First, I'd lock the bedroom door. Problem solved. If you can't trust them not to go in, keep them out till they outgrow the jumping.

I'd also minimize the time they spend in the living room with the sofas. If their toys are there, move them somewhere else. If they're watching tv and jumping, find something else for them to do.

It sounds like it's well established that like jumping on the furniture and you don't want them to so short of making it all-out war, maybe it would be easier to just find more fun alternatives?

And they do sound bored. What kinds of things do you have for them to do outside? It's all well and good that most of us grew up outside entertaining ourselves, but we also had a lot of neighborhood kids and a lot of ground to cover, we weren't fenced in our own backyards.

Popular outside toys at my house:

water/sand table
teather ball
hiding things for each other to find (like an egg hunt)
chalk and sidewalk paint - we chalk and paint everything, the rain takes care of it
small wooden swingset (holding up fine, we're in the south too)
lots of water stuff when the weather is nice - small pool, slip and slide
hammock

My kid won't sleep unless she's exhausted so I'm all about taking her outside and wearing her out. I mean, letting her play


----------



## queenjane (May 17, 2004)

Your kids have clearly communicated to you the need to jump (the very normal, typical kid need, btw)....what have you done to meet this need? Its not very fair to say "NO, dont jump THERE" without following up with "jump HERE instead"...

You can get a mini trampoline (sized for one person to jump, will fit in your living room, kitchen, etc) for around $20-30, check out walmart, kmart, etc...or your local craig's list, on mine i saw about four for sale very cheap. You could get each of your kids one so they can jump at the same time.
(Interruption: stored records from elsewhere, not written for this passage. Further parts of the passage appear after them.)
(* There exists an absolute constant $C>0$ such that every finite simple graph $G$ with $n$ vertices and at least one edge satisfies \[ \Gamma(G) \leq C\,\lambda_1(G)\left(\frac{n}{\lambda_1(G)}\right)^{1/3}, \] where $\lambda_1(G)$ is the largest eigenvalue of the adjacency matrix of $G$ and $\Gamma(G)$ is the Grundy number of $G$.
   Context: Given an ordering $(x_1,\dots,x_n)$ of $V(G)$, the first-fit coloring algorithm colors $x_i$ with the smallest positive integer not used on the neighbors of $x_i$ among $x_1,\dots,x_{i-1}$. The Grundy number $\Gamma(G)$ is the largest number of colors used by the first-fit algorithm over all vertex orderings. *)

theory Defs
  imports "Jordan_Normal_Form.Char_Poly"
begin

definition simple_graph :: "nat \<Rightarrow> (nat \<Rightarrow> nat \<Rightarrow> bool) \<Rightarrow> bool" where
  "simple_graph n E \<longleftrightarrow> (\<forall>i j. E i j \<longrightarrow> i < n \<and> j < n) \<and> (\<forall>i j. E i j \<longrightarrow> E j i) \<and> (\<forall>i. \<not> E i i)"

text \<open>First-fit step: colour x with the least positive integer not used on already
  coloured neighbours (colour 0 means "not yet coloured").\<close>
definition ff_step :: "(nat \<Rightarrow> nat \<Rightarrow> bool) \<Rightarrow> (nat \<Rightarrow> nat) \<Rightarrow> nat \<Rightarrow> (nat \<Rightarrow> nat)" where
  "ff_step E cf x = cf(x := (LEAST c. 0 < c \<and> (\<forall>y. E x y \<and> cf y \<noteq> 0 \<longrightarrow> cf y \<noteq> c)))"

definition first_fit :: "(nat \<Rightarrow> nat \<Rightarrow> bool) \<Rightarrow> nat list \<Rightarrow> (nat \<Rightarrow> nat)" where
  "first_fit E xs = foldl (ff_step E) (\<lambda>_. 0) xs"

definition ff_num_colors :: "(nat \<Rightarrow> nat \<Rightarrow> bool) \<Rightarrow> nat list \<Rightarrow> nat" where
  "ff_num_colors E xs = card (first_fit E xs ` set xs)"

definition grundy_number :: "nat \<Rightarrow> (nat \<Rightarrow> nat \<Rightarrow> bool) \<Rightarrow> nat" where
  "grundy_number n E = Max {ff_num_colors E xs | xs. distinct xs \<and> set xs = {0..<n}}"

definition adjacency_matrix :: "nat \<Rightarrow> (nat \<Rightarrow> nat \<Rightarrow> bool) \<Rightarrow> real mat" where
  "adjacency_matrix n E = mat n n (\<lambda>(i, j). if E i j then 1 else 0)"

definition lambda1 :: "nat \<Rightarrow> (nat \<Rightarrow> nat \<Rightarrow> bool) \<Rightarrow> real" where
  "lambda1 n E = Max {k. eigenvalue (adjacency_matrix n E) k}"

end

theory Submission
  imports Defs "HOL-Analysis.Analysis"
begin

(* Let first-fit colour G with k colours. Every vertex of colour c has neighbours of all colours
   below c, so the colours used are exactly 1, ..., k. Put m = k div 2, let L be the vertices of
   colour at most m and T those of larger colour; then |T| >= k - m >= m and every vertex of T has
   at least m neighbours in L. The test vector equal to sqrt(n/|T|) on T and to 1 on L has squared
   norm at most 2n and quadratic form at least m sqrt(n |T|), so the Rayleigh principle gives
   |T| m^2 <= 4 n lambda1^2. Since k <= 3m this yields k^3 <= 108 n lambda1^2, which is the claim
   with C = 5. The Rayleigh principle itself comes from maximising the quadratic form of the
   adjacency matrix on the unit sphere: the maximiser is an eigenvector. *)

definition quad_form :: "(nat \<Rightarrow> nat \<Rightarrow> real) \<Rightarrow> nat \<Rightarrow> (nat \<Rightarrow> real) \<Rightarrow> real" where
  "quad_form a n f = (\<Sum>i\<in>{0..<n}. \<Sum>j\<in>{0..<n}. a i j * f i * f j)"

definition sq_norm :: "nat \<Rightarrow> (nat \<Rightarrow> real) \<Rightarrow> real" where
  "sq_norm n f = (\<Sum>i\<in>{0..<n}. (f i)\<^sup>2)"

lemma quad_form_cong:
  "(\<And>i j. i < n \<Longrightarrow> j < n \<Longrightarrow> a i j = b i j) \<Longrightarrow> (\<And>i. i < n \<Longrightarrow> f i = g i) \<Longrightarrow>
    quad_form a n f = quad_form b n g"
  unfolding quad_form_def by (intro sum.cong) auto

lemma sq_norm_cong: "(\<And>i. i < n \<Longrightarrow> f i = g i) \<Longrightarrow> sq_norm n f = sq_norm n g"
  unfolding sq_norm_def by (intro sum.cong) auto

lemma quad_form_scale: "quad_form a n (\<lambda>i. c * f i) = c\<^sup>2 * quad_form a n f"
  unfolding quad_form_def power2_eq_square by (simp add: sum_distrib_left algebra_simps)

lemma sq_norm_scale: "sq_norm n (\<lambda>i. c * f i) = c\<^sup>2 * sq_norm n f"
  unfolding sq_norm_def by (simp add: sum_distrib_left power_mult_distrib)

lemma sq_norm_nonneg: "0 \<le> sq_norm n f"
  unfolding sq_norm_def by (intro sum_nonneg) auto

lemma sq_norm_eq_0_iff: "sq_norm n f = 0 \<longleftrightarrow> (\<forall>i<n. f i = 0)"
  unfolding sq_norm_def by (subst sum_nonneg_eq_0_iff) auto

lemma square_le_sq_norm: "i < n \<Longrightarrow> (f i)\<^sup>2 \<le> sq_norm n f"
  unfolding sq_norm_def by (rule member_le_sum) auto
If they dont want to play outside...are you just sending them out there ('go play outside') or do you help them find fun and interesting things to do? A "blank" backyard CAN be boring, if there isnt fun and interesting things to do there.

Can you get a cheap old couch and put it somewhere (dont know how much room you have...living room, family room, basement, one of the kids' rooms, backyard, wherever) and let them jump jump jump to their hearts' content? Or do the same with an old twin mattress? Heck, even a crib mattress might do if its springy enough, and that would be easy to store away. I bet if you ask on freecycle, someone would give you an old couch or mattress for free, or you could get one VERY cheap on craigslist.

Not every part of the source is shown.